The aforementioned bathroom renovations have been all manner of ridiculousness, but it's going to be a huge improvement. We have one bathroom for the five of us, and it is tiny. Like, storage-room tiny. Not small in the suburban sense, small in the house-that-predates-plumbing sense. Some previous owners had furnished it with an enormous cabinet around the sink, and the toilet was functional but gargantuan. Now we have a sleek pedestal sink and a water-saving, apartment-sized toilet. Lovely. There was also a set of cabinets above the sink and toilet that gave the illusion of storage, but which was in fact both inaccessible (I had to stand on the toilet to reach them, and even then could not reach the farthest section) and impractical (who puts 7 1/2-inch-high shelves in a bathroom?). They're gone now, to be replaced with a shelf and baskets, or some such system. The floor was covered in this mildewing, cracked, awful tile which Hubby C ripped out and which we planned to replace with some very tasteful but still easily cleaned vinyl (I have it on good authority that boys take some time to learn proper aim... suddenly, vinyl seems like a godsend). However, while the workmen were here tearing and replacing, it became evident that putting down flooring before installing the sink and toilet would make much more sense than the alternative, and Hubby C had about an hour to grab something. Everything on offer was truly hideous, so Hubby C went for the closest he could find to "inoffensive," with the intention of painting it later. I admire that man's confidence that we can pretty-up any old crap vinyl flooring. And so I will be taping and dabbing my heart out as I wrangle a floor of fake-looking stone-print vinyl into a tasteful checkerboard arrangement of grey and white squares. I am actually rawther excited about this. It's a very small floor, so I don't mind in the least the prospect of taping off three-inch squares.
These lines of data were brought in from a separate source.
(* For all integers $m,n\ge1$, every $\Psi:\mathbb{Z}^n\to\mathbb{R}_{>0}$ and each $\circ\in\{\ ,\ ',\ ''\}$, the set $\mathcal{W}^\circ_{n,m}(\Psi)=\bigcap_{k=1}^\infty\mathcal{A}^\circ_{n,m}(k^{-1}\Psi)$ has the same Lebesgue measure as $\mathcal{A}^\circ_{n,m}(\Psi)$.
   Context: Let $m,n\ge1$ be integers. Points $\mathbf{X}\in[0,1]^{nm}$ are regarded as real $n\times m$ matrices, $\mathbf{q}\in\mathbb{Z}^n$ as a row vector, so $\mathbf{q}\mathbf{X}\in\mathbb{R}^m$; $|\cdot|$ denotes the supremum norm on $\mathbb{R}^m$. For $\Psi:\mathbb{Z}^n\to\mathbb{R}_{>0}$ consider the inequality ( * ) $|\mathbf{q}\mathbf{X}+\mathbf{p}|<\Psi(\mathbf{q})$, with $\mathbf{p}=(p_1,\dots,p_m)\in\mathbb{Z}^m$, $\mathbf{q}\in\mathbb{Z}^n\setminus\{\mathbf{0}\}$. $\mathcal{A}_{n,m}(\Psi)$ is the set of $\mathbf{X}\in[0,1]^{nm}$ for which ( * ) holds for infinitely many pairs $(\mathbf{p},\mathbf{q})$; $\mathcal{A}'_{n,m}(\Psi)$ is the set of $\mathbf{X}\in[0,1]^{nm}$ for which ( * ) holds for infinitely many $(\mathbf{p},\mathbf{q})$ with $\gcd(\mathbf{p},\mathbf{q})=1$ (the gcd of all components of $\mathbf{p}$ and $\mathbf{q}$); $\mathcal{A}''_{n,m}(\Psi)$ is the set of $\mathbf{X}\in[0,1]^{nm}$ for which ( * ) holds for infinitely many $(\mathbf{p},\mathbf{q})$ with $\gcd(p_j,\mathbf{q})=1$ for every $j=1,\dots,m$. $\mathcal{A}^\circ_{n,m}$ denotes any one of $\mathcal{A}_{n,m},\mathcal{A}'_{n,m},\mathcal{A}''_{n,m}$, and $k^{-1}\Psi$ is the function $\mathbf{q}\mapsto \Psi(\mathbf{q})/k$. *)

theory Defs
  imports "HOL-Analysis.Analysis"
begin

datatype approx_kind = Plain | Coprime_All | Coprime_Each

text \<open>Matrices X in R^{n x m} are of type real^'m^'n (row index 'n, column index 'm);
  q :: int^'n is a row vector, p :: int^'m.\<close>

definition coprime_cond :: "approx_kind \<Rightarrow> int^'m \<Rightarrow> int^'n \<Rightarrow> bool" where
  "coprime_cond k p q = (case k of
      Plain \<Rightarrow> True
    | Coprime_All \<Rightarrow> Gcd (range (\<lambda>j. p $ j) \<union> range (\<lambda>i. q $ i)) = 1
    | Coprime_Each \<Rightarrow> (\<forall>j. Gcd (insert (p $ j) (range (\<lambda>i. q $ i))) = 1))"

definition approx_ineq :: "(int^'n \<Rightarrow> real) \<Rightarrow> real^'m^'n \<Rightarrow> int^'m \<Rightarrow> int^'n \<Rightarrow> bool" where
  "approx_ineq \<Psi> X p q =
     ((MAX j\<in>UNIV. \<bar>(\<Sum>i\<in>UNIV. of_int (q $ i) * X $ i $ j) + of_int (p $ j)\<bar>) < \<Psi> q)"

definition unit_cube :: "(real^'m^'n) set" where
  "unit_cube = {X. \<forall>i j. 0 \<le> X $ i $ j \<and> X $ i $ j \<le> 1}"

definition approx_set :: "approx_kind \<Rightarrow> (int^'n \<Rightarrow> real) \<Rightarrow> (real^'m^'n) set" where
  "approx_set k \<Psi> = {X \<in> unit_cube.
      infinite {(p, q). q \<noteq> 0 \<and> coprime_cond k p q \<and> approx_ineq \<Psi> X p q}}"

end

theory Submission
  imports Defs
begin
(* Let $C_\#$ be the bivariate copula with density \[ c_\#(u,v)=2\big(\mathbf{1}_{[0,\frac12)}(u)\mathbf{1}_{[\frac12,1]}(v)+\mathbf{1}_{[\frac12,1]}(u)\mathbf{1}_{[0,\frac12)}(v)\big). \] Then $\psi(C_\#)=-\frac12$ and $\xi(C_\#)=\frac12$. Moreover, for every bivariate copula $C$ with $\psi(C)=-\frac12$ one has $\xi(C)\ge\frac12$, with equality if and only if $C=C_\#$.
   Context: For a bivariate copula $C$: $\xi(C)=6\int_0^1\int_0^1(\partial_1C(u,v))^2\,du\,dv-2$ and $\psi(C)=6\int_0^1C(u,u)\,du-2$; $-\frac12$ is the smallest possible value of $\psi$ over all copulas. *)

theory Defs
  imports "HOL-Analysis.Analysis"
begin

text \<open>A bivariate copula, represented by its values on the unit square
  (values outside [0,1]^2 are irrelevant).\<close>
definition is_copula :: "(real \<Rightarrow> real \<Rightarrow> real) \<Rightarrow> bool" where
  "is_copula C \<longleftrightarrow>
     (\<forall>u\<in>{0..1}. C u 0 = 0 \<and> C 0 u = 0 \<and> C u 1 = u \<and> C 1 u = u) \<and>
     (\<forall>u1 u2 v1 v2. 0 \<le> u1 \<and> u1 \<le> u2 \<and> u2 \<le> 1 \<and> 0 \<le> v1 \<and> v1 \<le> v2 \<and> v2 \<le> 1 \<longrightarrow>
        C u2 v2 - C u2 v1 - C u1 v2 + C u1 v1 \<ge> 0)"

text \<open>Partial derivative in the first argument (exists almost everywhere;
  set to 0 where it does not exist).\<close>
definition partial1 :: "(real \<Rightarrow> real \<Rightarrow> real) \<Rightarrow> real \<Rightarrow> real \<Rightarrow> real" where
  "partial1 C u v = (if (\<lambda>x. C x v) differentiable (at u) then deriv (\<lambda>x. C x v) u else 0)"

definition xi :: "(real \<Rightarrow> real \<Rightarrow> real) \<Rightarrow> real" where
  "xi C = 6 * (LBINT v:{0..1}. LBINT u:{0..1}. (partial1 C u v)^2) - 2"

definition psi :: "(real \<Rightarrow> real \<Rightarrow> real) \<Rightarrow> real" where
  "psi C = 6 * (LBINT u:{0..1}. C u u) - 2"

definition csharp_density :: "real \<Rightarrow> real \<Rightarrow> real" where
  "csharp_density u v = 2 * (indicator {0..<1/2} u * indicator {1/2..1} v
                            + indicator {1/2..1} u * indicator {0..<1/2} v)"

definition Csharp :: "real \<Rightarrow> real \<Rightarrow> real" where
  "Csharp u v = (LBINT s:{0..u}. LBINT t:{0..v}. csharp_density s t)"

end

theory Submission
  imports Defs
begin

text \<open>
  A copula \<open>C\<close> lies above the lower Frechet bound, which on the diagonal is
  \<open>max 0 (2 u - 1)\<close> and has \<open>\<psi> = -1/2\<close>. Hence \<open>\<psi> C = -1/2\<close> forces
  \<open>C u u = max 0 (2 u - 1)\<close>, so \<open>C (1/2) (1/2) = 0\<close> and \<open>C (1/2) v = max 0 (v - 1/2)\<close>.
  Each section \<open>x \<mapsto> C x v\<close> is monotone and 1-Lipschitz, hence differentiable almost
  everywhere (Lebesgue's theorem, proved here with Vitali covers) with
  \<open>\<integral>\<^sub>a\<^sup>b \<partial>\<^sub>1C = C b v - C a v\<close>. Cauchy--Schwarz on \<open>[0, 1/2]\<close> and \<open>[1/2, 1]\<close>,
  knowing the section at \<open>0\<close>, \<open>1/2\<close> and \<open>1\<close>, bounds \<open>\<integral>\<^sub>0\<^sup>1 (\<partial>\<^sub>1C)\<^sup>2\<close> from below
  by a function of \<open>v\<close> whose integral is \<open>5/12\<close>; that is, \<open>\<xi> C \<ge> 1/2\<close>. Equality makes
  almost every section piecewise affine with these values, which is exactly \<open>C\<^sub>#\<close>, and
  continuity in \<open>v\<close> gives \<open>C = C\<^sub>#\<close>.
\<close>

lemma set_integral_const_Icc: "a \<le> b \<Longrightarrow> (LBINT u:{a..b::real}. (c::real)) = c * (b - a)"
  by (subst set_integral_const) auto

lemma set_integrable_continuous_Icc:
  fixes f :: "real \<Rightarrow> real"
  shows "continuous_on {a..b} f \<Longrightarrow> set_integrable lborel {a..b} f"
  unfolding set_integrable_def by (rule borel_integrable_compact) auto

lemma set_integral_split_Icc:
  fixes f :: "real \<Rightarrow> real"
  assumes "set_integrable lborel {a..c} f" "a \<le> b" "b \<le> c"
  shows "(LBINT u:{a..c}. f u) = (LBINT u:{a..b}. f u) + (LBINT u:{b..c}. f u)"
proof -
  have "set_integrable lborel (einterval a c) f"
    by (rule set_integrable_subset[OF assms(1)]) auto
  then have "interval_lebesgue_integrable lborel (ereal a) (ereal c) f"
    unfolding interval_lebesgue_integrable_def using assms(2,3) by simp
  then have "(LBINT u=a..b. f u) + (LBINT u=b..c. f u) = (LBINT u=a..c. f u)"
    using assms(2,3) by (intro interval_integral_sum) (simp add: min_def max_def)
  then show ?thesis
    using assms(2,3) by (simp add: interval_integral_Icc)
qed

lemma set_integral_Icc_FTC:
  fixes f G :: "real \<Rightarrow> real"
  assumes "a \<le> b" "continuous_on {a..b} f" "\<And>x. (G has_real_derivative f x) (at x)"
  shows "(LBINT u:{a..b}. f u) = G b - G a"
proof -
  have "(LBINT u=a..b. f u) = G b - G a"
    using assms
    by (intro interval_integral_FTC_finite)
      (auto simp: has_real_derivative_iff_has_vector_derivative[symmetric]
        intro: has_field_derivative_at_within)
  then show ?thesis
    using assms(1) by (simp add: interval_integral_Icc)
qed

lemma set_integral_sq_const_open:
  fixes g :: "real \<Rightarrow> real"
  assumes "a < b" "\<And>u. u \<in> {a<..<b} \<Longrightarrow> g u = k"
  shows "(LBINT u:{a..b}. (g u)\<^sup>2) = k\<^sup>2 * (b - a)"
proof -
  have "(LBINT u:{a..b}. (g u)\<^sup>2) = (LBINT u:{a..b}. k\<^sup>2)"
    unfolding set_lebesgue_integral_def
    by (rule integral_discrete_difference[of "{a, b}"]) (use assms(2) in \<open>auto simp: indicator_def\<close>)
  then show ?thesis
    using assms(1) by (simp add: set_integral_const_Icc)
qed

lemma set_integral_indicator_comb:
  assumes "A \<in> sets borel" "emeasure lborel A < \<infinity>" "B1 \<in> sets borel" "B2 \<in> sets borel"
  shows "(LBINT t:A. c1 * indicator B1 t + c2 * indicator B2 t) =
    c1 * measure lborel (A \<inter> B1) + c2 * measure lborel (A \<inter> B2)"
proof -
  have fin: "emeasure lborel (A \<inter> B) < \<infinity>" for B
    using emeasure_mono[of "A \<inter> B" A lborel] assms(1,2) by auto
  have "integrable lborel (indicat_real (A \<inter> B1))" "integrable lborel (indicat_real (A \<inter> B2))"
    using assms fin by (auto intro: integrable_real_indicator)
  moreover have "(\<lambda>t. indicator A t *\<^sub>R (c1 * indicator B1 t + c2 * indicator B2 t)) =
      (\<lambda>t. c1 * indicat_real (A \<inter> B1) t + c2 * indicat_real (A \<inter> B2) t)"
    by (auto simp: fun_eq_iff indicator_def)
  ultimately show ?thesis
    unfolding set_lebesgue_integral_def by simp
qed

lemma AE_zero_if_set_integral_nonneg_eq_0:
  fixes f :: "real \<Rightarrow> real"
  assumes "set_integrable lborel A f" "\<And>x. x \<in> A \<Longrightarrow> 0 \<le> f x" "(LBINT x:A. f x) = 0"
  shows "AE x in lborel. x \<in> A \<longrightarrow> f x = 0"
proof -
  have "AE x in lborel. indicator A x *\<^sub>R f x = 0"
    using assms unfolding set_integrable_def set_lebesgue_integral_def
    by (subst integral_nonneg_eq_0_iff_AE[symmetric]) (auto simp: indicator_def)
  then show ?thesis
    by eventually_elim (auto simp: indicator_def)
qed

lemma continuous_AE_zero_Icc:
  fixes g :: "real \<Rightarrow> real"
  assumes "continuous_on {a..b} g" "a < b" "AE x in lborel. x \<in> {a..b} \<longrightarrow> g x = 0"
    "x \<in> {a..b}"
  shows "g x = 0"
proof -
  have int: "set_integrable lborel {a..b} (\<lambda>x. \<bar>g x\<bar>)"
    unfolding set_integrable_def
    by (intro borel_integrable_compact continuous_intros assms(1)) auto
  have "(LBINT x:{a..b}. \<bar>g x\<bar>) = 0"
    unfolding set_lebesgue_integral_def
    by (rule integral_eq_zero_AE) (use assms(3) in \<open>auto simp: indicator_def\<close>)
  then have "integral {a..b} (\<lambda>x. \<bar>g x\<bar>) = 0"
    using set_borel_integral_eq_integral(2)[OF int] by simp
  then have "\<forall>x\<in>{a..b}. \<bar>g x\<bar> = 0"
    using assms(2) by (subst (asm) integral_eq_0_iff) (auto intro: continuous_intros assms(1))
  then show ?thesis
    using assms(4) by simp
qed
Oh, and we dodged a hurricane. The weather guy got us all freaked out, but then in the end it was no big deal. Miss B got the afternoon off school yesterday, though, and I had to separate my cabin-feverish kids from one another lest they do each other injury, but everybody had popcorn and I baked a peach upside-down cake. It's still blowing a gale out there, and I imagine there are some pretty impressive waves for those closer to the water, but I'm content to stay home and hope the diapers don't fly off the line.
Oh, oh, oh, and I have just discovered The Gaytheist Gospel Hour, which I am reading as though it were a novel. It's. So. Good. I wish it were a paperback so I could put it in my pocket and take it everywhere with me. I laugh, I cry, I want to call people and read sections aloud to them. You will be enriched for having read even one entry, I assure you.